Active Member
February 9, 2021
I'm trying to connect power query to a large PDF (tables come in ok but have errors) so that I can clean and then analyze the data. I've pulled just few pages to start but having issues. Some of the data however is coming in with say 4 lines of text in a single cell but the corresponding values come in in separate cells. I've been doing a series of transposes but not able to figure out how to get the data to line up correctly.
Any thoughts on how to transform this? See attachmentJuly 16, 2010
Hi Alexander,
Welcome to our forum and thanks for sending in your PDF via email. As it contains confidential data I won't share it here, but the solution is to separate the 7 columns into their own queries and transform each column one by one using the split by delimiter into rows with the line break special character as the delimiter. Add an Index column to each query and then merge them back together using the Index column as the common denominator.
I'll email the Excel file containing the solution back to you so you can see the finished result.
Mynda
Active Member
February 9, 2021
Thanks Mynda. Got it and I was able to recreate the same table. A couple of questions though.

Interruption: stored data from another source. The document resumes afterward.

(* If $r_{\min}<1$ and $\eta>\max\{\frac{r_{\min}}2,\frac{r_{\max}}n\}$, then the set $E_1=\{(x_1,\dots,x_n)\in[0,1]^n:\max_{i,j\in\mathcal V}|x_i-x_j|\ge1\}$ is finite-time robustly reachable from $[0,1]^n$ under control protocol (C1).
   Context: Fix $n\ge3$, $\mathcal V=\{1,\dots,n\}$, confidence thresholds $r_i\in(0,1]$, $r_{\min}=\min_ir_i$, $r_{\max}=\max_ir_i$, $\eta>0$. States $x(t)\in[0,1]^n$. Neighbor set $\mathcal N_i(t)=\{j:|x_j(t)-x_i(t)|\le r_i\}$ (contains $i$), $\Pi_{[0,1]}(y)=\min\{1,\max\{0,y\}\}$. Control protocol (C1): $x_i(t+1)=\Pi_{[0,1]}\big(|\mathcal N_i(t)|^{-1}\sum_{j\in\mathcal N_i(t)}x_j(t)+u_i(t)+b_i(t)\big)$, where $\delta_i(t)\in(0,\eta)$ is a chosen parameter, $u_i(t)\in[-\eta+\delta_i(t),\eta-\delta_i(t)]$ a chosen control input, $b_i(t)\in[-\delta_i(t),\delta_i(t)]$ an arbitrary uncertainty; $\delta_i(t),u_i(t)$ may depend on $x(0),\dots,x(t)$. A set $S\subseteq[0,1]^n$ is finite-time robustly reachable from $[0,1]^n$ under the protocol if there exist constants $T>0$ and $\varepsilon\in(0,\eta)$, independent of $x(0)$, such that for every $x(0)\in[0,1]^n$, either $x(0)\in S$, or one can choose $\delta_i(t)\in[\varepsilon,\eta)$ and $u_i(t)\in[-\eta+\delta_i(t),\eta-\delta_i(t)]$ for $i\in\mathcal V$, $0\le t<T$, guaranteeing that for arbitrary $b_i(t)\in[-\delta_i(t),\delta_i(t)]$ there is $t\in[1,T]$ with $x(t)\in S$. *)

theory Defs
  imports Complex_Main
begin

text \<open>Agents are indexed by V = {1..n}; a state is a function nat \<Rightarrow> real
  (only the values on {1..n} matter).\<close>

definition clip01 :: "real \<Rightarrow> real" where
  "clip01 y = min 1 (max 0 y)"

definition nbr :: "nat \<Rightarrow> (nat \<Rightarrow> real) \<Rightarrow> (nat \<Rightarrow> real) \<Rightarrow> nat \<Rightarrow> nat set" where
  "nbr n r x i = {j \<in> {1..n}. \<bar>x j - x i\<bar> \<le> r i}"

definition avg_nbr :: "nat \<Rightarrow> (nat \<Rightarrow> real) \<Rightarrow> (nat \<Rightarrow> real) \<Rightarrow> nat \<Rightarrow> real" where
  "avg_nbr n r x i = (\<Sum>j\<in>nbr n r x i. x j) / real (card (nbr n r x i))"

text \<open>A controller strategy maps the history [x(0),...,x(t)] to the pair
  (delta(t), u(t)).  The uncertainty is b :: nat \<Rightarrow> nat \<Rightarrow> real, b t i = b_i(t).
  hist t is the list [x(0),...,x(t)] of the closed-loop trajectory under (C1).\<close>

fun hist :: "nat \<Rightarrow> (nat \<Rightarrow> real) \<Rightarrow>
    ((nat \<Rightarrow> real) list \<Rightarrow> (nat \<Rightarrow> real) \<times> (nat \<Rightarrow> real)) \<Rightarrow>
    (nat \<Rightarrow> nat \<Rightarrow> real) \<Rightarrow> (nat \<Rightarrow> real) \<Rightarrow> nat \<Rightarrow> (nat \<Rightarrow> real) list" where
  "hist n r \<sigma> b x0 0 = [x0]"
| "hist n r \<sigma> b x0 (Suc t) =
     (let h = hist n r \<sigma> b x0 t; x = last h; u = snd (\<sigma> h) in
      h @ [(\<lambda>i. clip01 (avg_nbr n r x i + u i + b t i))])"
lemma degree_coeff_chebyshev_poly:
  "degree (chebyshev_poly k) \<le> k \<and> coeff (chebyshev_poly k) k = (if k = 0 then 1 else 2 ^ (k - 1))"
proof (induction k rule: chebyshev_poly.induct)
  case (3 k)
  have "degree (smult 2 ([:0, 1:] * chebyshev_poly (Suc k))) \<le> Suc (Suc k)"
    using 3(1) by (simp add: degree_mult_le)
  then have "degree (chebyshev_poly (Suc (Suc k))) \<le> Suc (Suc k)"
    using 3(2) by (simp add: degree_diff_le)
  moreover have "coeff (chebyshev_poly k) (Suc (Suc k)) = 0" using 3(2) by (simp add: coeff_eq_0)
  ultimately show ?case using 3 by simp
qed auto

lemma degree_chebyshev_poly: "degree (chebyshev_poly k) = k"
proof (rule antisym)
  show "k \<le> degree (chebyshev_poly k)"
    using degree_coeff_chebyshev_poly[of k] by (intro le_degree) simp
qed (use degree_coeff_chebyshev_poly in blast)

lemma lead_coeff_chebyshev_poly: "lead_coeff (chebyshev_poly k) = (if k = 0 then 1 else 2 ^ (k - 1))"
  using degree_coeff_chebyshev_poly[of k] by (simp add: degree_chebyshev_poly)

lemma abs_poly_chebyshev_poly_le:
  assumes "\<bar>u\<bar> \<le> 1"
  shows "\<bar>poly (chebyshev_poly k) u\<bar> \<le> 1"
  using poly_chebyshev_poly_cos[of k "arccos u"] assms by (simp add: cos_arccos_abs)

definition chebyshev_node :: "nat \<Rightarrow> nat \<Rightarrow> real" where
  "chebyshev_node m i = cos ((2 * real i + 1) * pi / (2 * real m))"

lemma poly_chebyshev_poly_node:
  assumes "i < m"
  shows "poly (chebyshev_poly m) (chebyshev_node m i) = 0"
proof -
  have "real m * ((2 * real i + 1) * pi / (2 * real m)) = real i * pi + pi / 2"
    using assms by (simp add: field_simps)
  then show ?thesis
    by (simp add: chebyshev_node_def poly_chebyshev_poly_cos cos_add)
qed

lemma inj_on_chebyshev_node: "inj_on (chebyshev_node m) {..<m}"
proof (rule inj_onI)
  define \<theta> where "\<theta> k = (2 * real k + 1) * pi / (2 * real m)" for k
  have \<theta>_ge: "0 \<le> \<theta> k" and \<theta>_le: "\<theta> k \<le> pi" if "k < m" for k
  proof -
    have "(2 * real k + 1) * pi \<le> (2 * real m) * pi" using that by (intro mult_right_mono) auto
    then show "\<theta> k \<le> pi" using that by (simp add: \<theta>_def divide_le_eq)
  qed (simp add: \<theta>_def)
  fix i j assume "i \<in> {..<m}" "j \<in> {..<m}" and "chebyshev_node m i = chebyshev_node m j"
  then have "\<theta> i = \<theta> j"
    using \<theta>_ge \<theta>_le by (intro cos_inj_pi[of "\<theta> i" "\<theta> j"]) (simp_all add: chebyshev_node_def \<theta>_def)
  then show "i = j" using \<open>i \<in> {..<m}\<close> by (simp add: \<theta>_def)
qed

lemma poly_chebyshev_poly_eq_0_iff:
  "poly (chebyshev_poly m) u = 0 \<longleftrightarrow> u \<in> chebyshev_node m ` {..<m}"
proof
  assume root: "poly (chebyshev_poly m) u = 0"
  show "u \<in> chebyshev_node m ` {..<m}"
  proof (rule ccontr)
    assume u: "u \<notin> chebyshev_node m ` {..<m}"
    have "lead_coeff (chebyshev_poly m) \<noteq> 0" by (simp add: lead_coeff_chebyshev_poly)
    then have nonzero: "chebyshev_poly m \<noteq> 0" by (metis coeff_0)
    have "insert u (chebyshev_node m ` {..<m}) \<subseteq> {x. poly (chebyshev_poly m) x = 0}"
      using root poly_chebyshev_poly_node by auto
    then have "card (insert u (chebyshev_node m ` {..<m})) \<le> card {x. poly (chebyshev_poly m) x = 0}"
      by (rule card_mono[OF poly_roots_finite[OF nonzero]])
    also have "\<dots> \<le> m"
      using card_poly_roots_bound[OF nonzero] by (simp add: degree_chebyshev_poly)
    finally show False
      using u inj_on_chebyshev_node by (simp add: card_image)
  qed
qed (auto simp: poly_chebyshev_poly_node)

lemma chebyshev_interpolation_error:
  fixes F :: "nat \<Rightarrow> real \<Rightarrow> real"
  assumes deriv: "\<And>k y. k < m \<Longrightarrow> y \<in> {c - h..c + h} \<Longrightarrow> (F k has_real_derivative F (Suc k) y) (at y)"
    and bound: "\<And>y. y \<in> {c - h..c + h} \<Longrightarrow> \<bar>F m y\<bar> \<le> M"
    and "0 < h" "0 < m"
  obtains P where "degree P < m"
    "\<And>x. x \<in> {c - h..c + h} \<Longrightarrow> \<bar>F 0 x - poly P x\<bar> \<le> M * h ^ m / (2 ^ (m - 1) * fact m)"
proof -
  define X where "X = (\<lambda>i. c + h * chebyshev_node m i) ` {..<m}"
  define W where "W = pcompose (chebyshev_poly m) [:- c / h, 1 / h:]"
  have poly_W: "poly W z = poly (chebyshev_poly m) ((z - c) / h)" for z
    by (simp add: W_def poly_pcompose diff_divide_distrib)
  have "inj_on (\<lambda>i. c + h * chebyshev_node m i) {..<m}"
    using inj_on_chebyshev_node[of m] \<open>0 < h\<close> by (simp add: inj_on_def)
  then have card_X: "card X = m" by (simp add: X_def card_image)
  have "finite X" "X \<noteq> {}" using card_X \<open>0 < m\<close> by (auto simp: X_def)
  have in_interval: "c + h * u \<in> {c - h..c + h}" if "\<bar>u\<bar> \<le> 1" for u
  proof -
    have "\<bar>h * u\<bar> \<le> h" using that \<open>0 < h\<close> by (simp add: abs_mult mult_left_le)
    then show ?thesis by (auto simp: abs_le_iff)
  qed
  have "X \<subseteq> {c - h..c + h}"
    unfolding X_def chebyshev_node_def using in_interval by auto
  have W_roots: "poly W z = 0 \<longleftrightarrow> z \<in> X" for z
    using \<open>0 < h\<close> by (auto simp: poly_W poly_chebyshev_poly_eq_0_iff X_def field_simps)
  have W_deriv: "poly ((pderiv ^^ m) W) y = fact m * 2 ^ (m - 1) / h ^ m" for y
  proof -
    have "degree W = m" using \<open>0 < h\<close> by (simp add: W_def degree_pcompose degree_chebyshev_poly)
    moreover have "lead_coeff W = 2 ^ (m - 1) / h ^ m"
      using \<open>0 < h\<close> \<open>0 < m\<close>
      by (simp add: W_def lead_coeff_comp degree_chebyshev_poly power_one_over
          lead_coeff_chebyshev_poly[unfolded degree_chebyshev_poly])
    ultimately show ?thesis by (simp add: higher_pderiv_degree_le)
  qed
  obtain P where P: "degree P < m" "\<And>z. z \<in> X \<Longrightarrow> poly P z = F 0 z"
    using lagrange_interpolation[OF \<open>finite X\<close> \<open>X \<noteq> {}\<close>, of "F 0"] card_X by metis
  show ?thesis
  proof (rule that[OF P(1)])
    fix x assume x: "x \<in> {c - h..c + h}"
    obtain \<xi> where \<xi>: "\<xi> \<in> {c - h..c + h}"
        "(F 0 x - poly P x) * (fact m * 2 ^ (m - 1) / h ^ m) = F m \<xi> * poly W x"
      using interpolation_error_Rolle[OF deriv \<open>finite X\<close> card_X \<open>X \<subseteq> _\<close> P W_roots x]
      unfolding W_deriv by blast
    have "\<bar>(x - c) / h\<bar> \<le> 1" using x \<open>0 < h\<close> by (auto simp: abs_le_iff field_simps)
    then have "\<bar>F m \<xi> * poly W x\<bar> \<le> M"
      using bound[OF \<xi>(1)] abs_poly_chebyshev_poly_le[of "(x - c) / h" m]
      by (simp add: poly_W abs_mult mult_le_one order_trans[OF mult_right_le_one_le] mult_mono)
    moreover have "\<bar>F 0 x - poly P x\<bar> * (fact m * 2 ^ (m - 1) / h ^ m) = \<bar>F m \<xi> * poly W x\<bar>"
      using arg_cong[OF \<xi>(2), of abs] \<open>0 < h\<close> by (simp add: abs_mult)
    ultimately show "\<bar>F 0 x - poly P x\<bar> \<le> M * h ^ m / (2 ^ (m - 1) * fact m)"
      using \<open>0 < h\<close> by (simp add: field_simps)
  qed
qed
lemma card_orb_gt_1:
  assumes "x \<notin> thin_part (orbitsV A)"
  shows "1 < card (orb A x)"
proof -
  have "orb A x \<noteq> {x}"
    using assms by (simp add: thin_part_iff_fixed orb_eq_singleton_iff[symmetric])
  then have "\<not> card (orb A x) \<le> 1"
    using orb_self card_le_Suc0_iff_eq[of "orb A x"] by auto
  then show ?thesis
    by simp
qed

lemma card_orb_gt_imp_ge:
  assumes "p ^ n < card (orb A x)"
  shows "p ^ Suc n \<le> card (orb A x)"
proof -
  obtain j where j: "card (orb A x) = p ^ j"
    using card_orb_prime_power by blast
  then have "n < j"
    using assms p_gt_1 by (simp add: power_strict_increasing_iff)
  then show ?thesis
    using j p_gt_1 power_increasing[of "Suc n" j p] by simp
qed

lemma subgrp_cyclic: "subgrp (cyclic_subgrp (d::'a))"
  using subgrp_cyclic_subgrp[of p d] p_gt_1 exponent_p by simp

lemma wreath_cyclic_subgrp:
  assumes E: "S_subgroup (orbitsV A) E" and d: "d \<in> thin_part (orbitsV A)" "d \<in> E"
    and rad: "\<And>T. T \<in> orbitsV A \<Longrightarrow> T \<subseteq> UNIV - E \<Longrightarrow> d \<in> rad T"
  shows "wreath (orbitsV A) E (cyclic_subgrp d)"
proof -
  have "S_subgroup (orbitsV A) (cyclic_subgrp d)"
    using S_subgroup_if_fixed subgrp_cyclic cyclic_subgrp_subset[OF subgrp_thin_part d(1)] by blast
  moreover have "cyclic_subgrp d \<subseteq> E"
    using E d(2) cyclic_subgrp_subset by (auto simp: S_subgroup_def)
  moreover have "cyclic_subgrp d \<subseteq> rad T" if "T \<in> orbitsV A" "T \<subseteq> UNIV - E" for T
    using cyclic_subgrp_subset[OF subgrp_rad rad[OF that]] .
  ultimately show ?thesis
    using E unfolding wreath_def by blast
qed

end

locale index_p_subgroup = elementary_p_aut_group A p
  for A :: "('a::{ab_group_add,finite} \<Rightarrow> 'a) set" and p +
  fixes U :: "'a set"
  assumes S_subgroup_U: "S_subgroup (orbitsV A) U"
    and index_U: "p * card U = card (UNIV :: 'a set)"
begin

lemma subgrp_U: "subgrp U"
  using S_subgroup_U by (simp add: S_subgroup_def)

lemma coset_rep:
  assumes "x \<notin> U"
  obtains k where "k < p" and "y - nsmul k x \<in> U"
  using index_prime_coset_rep[OF prime_p exponent_p subgrp_U index_U assms] by blast

lemma card_coset: "card {y. y - x \<in> U} = card U"
proof -
  have "{y. y - x \<in> U} = (+) x ` U"
    by (auto simp: image_iff) (metis add.commute diff_add_cancel)
  then show ?thesis
    by (simp add: card_image)
qed

text \<open>Writing \<open>f x = k x\<close> modulo \<open>U\<close>, the iterates give \<open>(f ^^ n) x = k\<^sup>n x\<close> modulo \<open>U\<close>;
  since \<open>f ^^ card A = id\<close> and \<open>card A\<close> is a power of \<open>p\<close>, Fermat's little theorem forces
  \<open>k = 1\<close>.\<close>
lemma map_diff_self_mem:
  assumes f: "f \<in> A"
  shows "f x - x \<in> U"
proof (cases "x \<in> U")
  case True
  then show ?thesis
    using S_subgroup_mem_iff[OF S_subgroup_U f] subgrp_diff[OF subgrp_U] by blast
next
  case False
  obtain k where k: "k < p" "f x - nsmul k x \<in> U"
    using coset_rep[OF False] by blast
  have iterate: "(f ^^ n) x - nsmul (k ^ n) x \<in> U" for n
  proof (induct n)
    case 0
    then show ?case
      by (simp add: subgrp_0[OF subgrp_U])
  next
    case (Suc n)
    have "nsmul (k ^ Suc n) x = nsmul (k ^ n) (nsmul k x)"
      by (simp add: nsmul_mult[symmetric] mult.commute)
    then have "(f ^^ Suc n) x - nsmul (k ^ Suc n) x
        = f ((f ^^ n) x - nsmul (k ^ n) x) + nsmul (k ^ n) (f x - nsmul k x)"
      using f by (simp add: map_diff map_nsmul nsmul_diff_distrib)
    moreover have "f ((f ^^ n) x - nsmul (k ^ n) x) \<in> U"
      using Suc S_subgroup_mem_iff[OF S_subgroup_U f] by blast
    ultimately show ?case
      using subgrp_add[OF subgrp_U] subgrp_nsmul[OF subgrp_U k(2)] by simp
  qed
  obtain K where K: "card A = p ^ K"
    using card_A_prime_power by blast
  have "k ^ p ^ K mod p = k mod p"
    using cong_pow_prime_power_self[OF prime_p] by (simp add: cong_def)
  then have "nsmul (k ^ card A) x = nsmul k x"
    using K nsmul_mod[OF exponent_p] by metis
  then have "nsmul 1 x - nsmul k x \<in> U"
    using iterate[of "card A"] funpow_card_eq_id[OF _ f] by simp
  then have "k = 1"
    using subgrp_nsmul_diff_imp_eq[OF prime_p exponent_p subgrp_U False p_gt_1 k(1)] by simp
  then show ?thesis
    using k(2) by simp
qed

lemma orb_subset_coset: "y \<in> orb A x \<Longrightarrow> y - x \<in> U"
  using map_diff_self_mem by (auto simp: orb_def)

text \<open>The \<open>p\<close> translates of \<open>orb A x\<close> by multiples of \<open>w\<close> are pairwise distinct orbits
  inside the coset of \<open>x\<close>, and together they are already as large as that coset.\<close>
lemma orbits_in_coset_are_translates:
  assumes w: "w \<in> thin_part (orbitsV A)" "w \<in> U" "w \<notin> rad (orb A x)"
    and big: "card U \<le> p * card (orb A x)"
    and y: "y - x \<in> U"
  obtains i where "i < p" and "orb A y = (+) (nsmul i w) ` orb A x"
proof -
  define T where "T i = (+) (nsmul i w) ` orb A x" for i
  have T_orb: "T i = orb A (nsmul i w + x)" for i
    unfolding T_def using orb_translate_fixed subgrp_nsmul[OF subgrp_thin_part w(1)] by simp
  have T_coset: "T i \<subseteq> {y. y - x \<in> U}" for i
  proof
    fix z assume "z \<in> T i"
    then have "z - (nsmul i w + x) \<in> U"
      using orb_subset_coset T_orb by simp
    then have "z - (nsmul i w + x) + nsmul i w \<in> U"
      using subgrp_add[OF subgrp_U _ subgrp_nsmul[OF subgrp_U w(2)]] by blast
    then show "z \<in> {y. y - x \<in> U}"
      by (simp add: algebra_simps)
  qed
  have T_disjoint: "T i \<inter> T j = {}" if "i < p" "j < p" "i \<noteq> j" for i j
  proof (rule ccontr)
    assume "T i \<inter> T j \<noteq> {}"
    then obtain z where "z \<in> T i" "z \<in> T j"
      by blast
    then have "T i = T j"
      unfolding T_orb by (metis orb_eq_if_mem)
    then show False
      using translates_nsmul_eq_imp_eq[OF prime_p exponent_p w(3) that(1,2)] that(3)
      by (simp add: T_def)
  qed
  have "card {y. y - x \<in> U} \<le> (\<Sum>i<p. card (T i))"
    using big card_coset by (simp add: T_def card_image)
  also have "\<dots> = card (\<Union>i<p. T i)"
    using T_disjoint by (intro card_UN_disjoint[symmetric]) simp_all
  finally have "(\<Union>i<p. T i) = {y. y - x \<in> U}"
    using T_coset by (intro card_seteq) auto
  then obtain i where "i < p" "y \<in> T i"
    using y by blast
  moreover from this have "orb A y = T i"
    by (simp add: T_orb orb_eq_if_mem)
  ultimately show ?thesis
    using that by (simp add: T_def)
qed
lemma bar_bounded_mult_pow_holo:
  assumes "bar_bounded Y"
  shows "bar_bounded (mult_pow scale h 0 Y)"
  unfolding bar_bounded_def
proof
  fix v
  obtain S where S: "finite S" and supp: "bar_supp_above Y v S"
    using assms unfolding bar_bounded_def by blast
  have "bar_supp_above (mult_pow scale h 0 Y) v S"
    unfolding bar_supp_above_def
  proof (intro allI impI)
    fix e1 e2 e3 e4 assume "mult_pow scale h 0 Y (e1,e2,e3,e4) v \<noteq> 0"
    then obtain p1 p2 where "Y (e1 - h + of_nat p1, e2 - 0 + of_nat p2, e3 - of_nat p1, e4 - of_nat p2) v \<noteq> 0"
      and "(0::'k) gchoose p2 \<noteq> 0"
      by (rule mult_pow_nonzeroE)
    then show "\<exists>s2 s4. (s2,s4) \<in> S \<and> e2 - s2 \<in> \<nat> \<and> e4 - s4 \<in> \<nat>"
      using supp unfolding bar_supp_above_def by (simp add: gbinomial_0_left split: if_splits)
  qed
  with S show "\<exists>S. finite S \<and> bar_supp_above (mult_pow scale h 0 Y) v S" by blast
qed

lemma w_depth_le_mult_pow:
  assumes "w_depth_le Y v e3 e4 M"
  shows "w_depth_le (mult_pow scale h hb Y) v e3 e4 M"
  unfolding w_depth_le_def
proof (intro allI impI)
  fix e1 e2 p1 p2
  assume "mult_pow scale h hb Y (e1, e2, e3 - of_nat p1, e4 - of_nat p2) v \<noteq> 0"
  then obtain q1 q2 where
    "Y (e1 - h + of_nat q1, e2 - hb + of_nat q2, e3 - of_nat p1 - of_nat q1, e4 - of_nat p2 - of_nat q2) v \<noteq> 0"
    by (rule mult_pow_nonzeroE)
  then have "Y (e1 - h + of_nat q1, e2 - hb + of_nat q2, e3 - of_nat (p1 + q1), e4 - of_nat (p2 + q2)) v \<noteq> 0"
    by (simp add: algebra_simps)
  then have "p1 + q1 \<le> M \<and> p2 + q2 \<le> M" using assms unfolding w_depth_le_def by blast
  then show "p1 \<le> M \<and> p2 \<le> M" by simp
qed

text \<open>mult_pow sums over the set of nonzero terms, and a sum over an infinite set is 0 in HOL;
  a depth bound makes that set finite, so that mult_pow is the honest finite sum.\<close>

lemma mult_pow_window_sum:
  assumes "w_depth_le Y v e3 e4 M"
  shows "mult_pow scale h hb Y (e1,e2,e3,e4) v =
    (\<Sum>p1\<le>M. \<Sum>p2\<le>M. scale ((-1) ^ (p1 + p2) * (h gchoose p1) * (hb gchoose p2))
       (Y (e1 - h + of_nat p1, e2 - hb + of_nat p2, e3 - of_nat p1, e4 - of_nat p2) v))"
proof -
  let ?t = "\<lambda>(p1, p2). scale ((-1) ^ (p1 + p2) * (h gchoose p1) * (hb gchoose p2))
             (Y (e1 - h + of_nat p1, e2 - hb + of_nat p2, e3 - of_nat p1, e4 - of_nat p2) v)"
  have "mult_pow scale h hb Y (e1,e2,e3,e4) v = sum ?t
      {p. Y (e1 - h + of_nat (fst p), e2 - hb + of_nat (snd p), e3 - of_nat (fst p), e4 - of_nat (snd p)) v \<noteq> 0}"
    by (simp add: mult_pow_def case_prod_beta)
  also have "\<dots> = sum ?t ({..M} \<times> {..M})"
    using assms unfolding w_depth_le_def by (intro sum.mono_neutral_left) (auto simp del: of_nat_add)
  finally show ?thesis by (simp add: sum.cartesian_product)
qed

lemma mult_pow_holo_window_sum:
  assumes "w_depth_le Y v e3 e4 M"
  shows "mult_pow scale h 0 Y (e1,e2,e3,e4) v =
    (\<Sum>p\<le>M. scale ((-1) ^ p * (h gchoose p)) (Y (e1 - h + of_nat p, e2, e3 - of_nat p, e4) v))"
proof -
  have "(-1) ^ (p1 + p2) * (h gchoose p1) * (0 gchoose p2) =
      (if p2 = 0 then (-1) ^ p1 * (h gchoose p1) else 0)" for p1 p2
    by (simp add: gbinomial_0_left)
  moreover have "scale (if b then c else 0) x = (if b then scale c x else 0)" for b c x
    by simp
  ultimately show ?thesis unfolding mult_pow_window_sum[OF assms] by (simp cong: if_cong)
qed

lemma mult_pow_antiholo_window_sum:
  assumes "w_depth_le Y v e3 e4 M"
  shows "mult_pow scale 0 hb Y (e1,e2,e3,e4) v =
    (\<Sum>p\<le>M. scale ((-1) ^ p * (hb gchoose p)) (Y (e1, e2 - hb + of_nat p, e3, e4 - of_nat p) v))"
proof -
  have "(-1) ^ (p1 + p2) * (0 gchoose p1) * (hb gchoose p2) =
      (if p1 = 0 then (-1) ^ p2 * (hb gchoose p2) else 0)" for p1 p2
    by (simp add: gbinomial_0_left)
  moreover have "scale (if b then c else 0) x = (if b then scale c x else 0)" for b c x
    by simp
  ultimately show ?thesis unfolding mult_pow_window_sum[OF assms]
    by (subst sum.swap) (simp cong: if_cong)
qed

lemma mult_pow_eq_antiholo_holo:
  assumes "w_bounded c"
  shows "mult_pow scale h hb c = mult_pow scale 0 hb (mult_pow scale h 0 c)"
proof (intro ext)
  fix e :: "'k \<times> 'k \<times> 'k \<times> 'k" and v
  obtain e1 e2 e3 e4 where e: "e = (e1,e2,e3,e4)" by (cases e)
  obtain M where M: "w_depth_le c v e3 e4 M" using assms by (rule w_bounded_depth)
  have "mult_pow scale 0 hb (mult_pow scale h 0 c) (e1,e2,e3,e4) v =
     (\<Sum>p2\<le>M. scale ((-1) ^ p2 * (hb gchoose p2)) (mult_pow scale h 0 c (e1, e2 - hb + of_nat p2, e3, e4 - of_nat p2) v))"
    by (rule mult_pow_antiholo_window_sum[OF w_depth_le_mult_pow[OF M]])
  also have "\<dots> = (\<Sum>p2\<le>M. scale ((-1) ^ p2 * (hb gchoose p2))
      (\<Sum>p1\<le>M. scale ((-1) ^ p1 * (h gchoose p1))
        (c (e1 - h + of_nat p1, e2 - hb + of_nat p2, e3 - of_nat p1, e4 - of_nat p2) v)))"
    by (intro sum.cong refl arg_cong[where f="scale _"] mult_pow_holo_window_sum
        w_depth_le_shift[OF M, of 0, simplified])
  also have "\<dots> = (\<Sum>p2\<le>M. \<Sum>p1\<le>M. scale ((-1) ^ (p1 + p2) * (h gchoose p1) * (hb gchoose p2))
      (c (e1 - h + of_nat p1, e2 - hb + of_nat p2, e3 - of_nat p1, e4 - of_nat p2) v))"
    by (simp add: scale_sum_right power_add mult_ac)
  also have "\<dots> = mult_pow scale h hb c (e1,e2,e3,e4) v"
    unfolding mult_pow_window_sum[OF M] by (rule sum.swap)
  finally show "mult_pow scale h hb c e v = mult_pow scale 0 hb (mult_pow scale h 0 c) e v"
    unfolding e by simp
qed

1- Making each column it's own query - Is there a fast way to do this or do you just have to right click and make new query then convert to table...then run delimiters, filters and index?.. Then do the same thing on every column?
2- Is there a way to copy or apply the same steps from the other query's to save time?
3- The real PDF I'm going to bring in has 70 tables and 7-9 columns per table. Seems like this would take a lot of time unless there's a something I'm missing.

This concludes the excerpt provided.